Speech Title: Bioengineered insulin delivery to the brain for treatment of Alzheimer's disease

Background: Alzheimer’s disease (AD) dementia is often associated with brain insulin resistance and peripheral metabolic dysfunctions. Recently, we showed a high efficacy of insulin delivery to the rat brain using intracranially implanted pancreatic islets encapsulated in alginate hydrogel. In the current study, we studied long-termed effect of intracranially grafted islets on cognitive and peripheral metabolic dysfunctions in a rat model of sporadic AD.

Methods: AD-like dementia associated with obesity was induced in inbred Lewis rats using a single intracerebroventricular injection of streptozotocin (icv-STZ). Two months after icv-STZ, a small number of syngeneic islets (100 islets/recipient) was transplanted in the cranial subarachnoid cavity of icv-STZ rats. At six months after islet transplantation, cognitive functions and peripheral metabolism were studied.
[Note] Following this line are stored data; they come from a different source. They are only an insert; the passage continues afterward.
(* Let $(R,{\mathfrak m})$ be a $d$-dimensional Cohen–Macaulay local ring, $I=(f_1,\ldots,f_n)$ an ideal minimally generated by $n$ elements with $g=\mathrm{ht}(I)\ge1$, $B=R[y_1,\ldots,y_n]$, and let $\mathcal Z_\bullet$ and $\mathfrak T_\bullet$ be the complexes described in the context. Then the complex $\mathfrak T_\bullet$ and the truncation $0\to\mathcal Z_{n-g}\to\cdots\to\mathcal Z_0\to0$ can be spliced together into a complex $$\mathfrak L_\bullet:\quad 0\to\mathfrak T_{g-2}\to\cdots\to\mathfrak T_1\to\mathfrak T_0\to\mathcal Z_{n-g}\to\cdots\to\mathcal Z_0\to0,$$ where $\mathfrak T_0\to\mathcal Z_{n-g}$ is the composite of $\partial_{\mathbf f}:\wedge^{n-g+2}R^n\otimes_RB(-n+g-1)\to Z_{n-g+1}\otimes_RB(-n+g-1)=\mathcal Z_{n-g+1}$ with the differential $\mathcal Z_{n-g+1}\to\mathcal Z_{n-g}$. If $\mathcal Z_\bullet$ is acyclic, then $\mathfrak L_\bullet$ is acyclic.
   Context: $B$ is standard graded with $\deg y_j=1$. $K_\bullet=\wedge^\bullet R^n$ is the Koszul complex of $f_1,\ldots,f_n$ with differential $\partial_{\mathbf f}$, and $Z_i$ its module of $i$-cycles; $\partial_{\mathbf y}$ is the differential of the Koszul complex $K(y_1,\ldots,y_n;B)=\wedge^\bullet R^n\otimes_R B$ (degree $1$ in $\mathbf y$). The approximation complex $\mathcal Z_\bullet$ has $\mathcal Z_i=Z_i\otimes_RB(-i)$ for $0\le i\le n-1$, with differential induced by $\partial_{\mathbf y}$; acyclic means $H_i=0$ for $i>0$. Let $\mathfrak D$ be the double complex with entries $\mathfrak D(c,r)=\wedge^{n-g+2+c+r}R^n\otimes_RB(-n+g-1-c)$ for $0\le c\le g-2$, $r\ge0$ (zero when $n-g+2+c+r>n$), with horizontal maps $\partial_{\mathbf y}:\mathfrak D(c,r)\to\mathfrak D(c-1,r)$ and vertical maps $\partial_{\mathbf f}:\mathfrak D(c,r)\to\mathfrak D(c,r-1)$. $\mathfrak T_\bullet$ is its total complex, $\mathfrak T_k=\bigoplus_{c+r=k}\mathfrak D(c,r)$; thus $\mathfrak T_0=\wedge^{n-g+2}R^n\otimes_RB(-n+g-1)$ and $\mathfrak T_{g-2}=\bigoplus_{j=1}^{g-1}\wedge^nR^n\otimes_RB(-n+j)$. *)

theory Defs
  imports Main "HOL-Library.Poly_Mapping" "HOL-Library.Function_Algebras"
begin

section \<open>Commutative algebra over a commutative ring (the whole type is the ring R)\<close>

definition is_ideal :: "'a::comm_ring_1 set \<Rightarrow> bool" where
  "is_ideal I \<longleftrightarrow> 0 \<in> I \<and> (\<forall>x\<in>I. \<forall>y\<in>I. x + y \<in> I) \<and> (\<forall>r. \<forall>x\<in>I. r * x \<in> I)"

definition ideal_gen :: "(nat \<Rightarrow> 'a::comm_ring_1) \<Rightarrow> nat \<Rightarrow> 'a set" where
  "ideal_gen h k = {\<Sum>j<k. r j * h j | r. True}"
Results: Six months after islet transplantation, grafted islets were viable, showed intact morphology and intensive staining for insulin, glucagon and glucose transported 2. Insulin content in the brain of grafted rats was significantly higher compered to non-transplanted animals. Peripheral glucose tolerance was intact in all tested groups. In the Morris water maze test, spatial learning and memory of islet transplanted icv-STZ rats were significantly improved compared to sham-operated icv-STZ animals.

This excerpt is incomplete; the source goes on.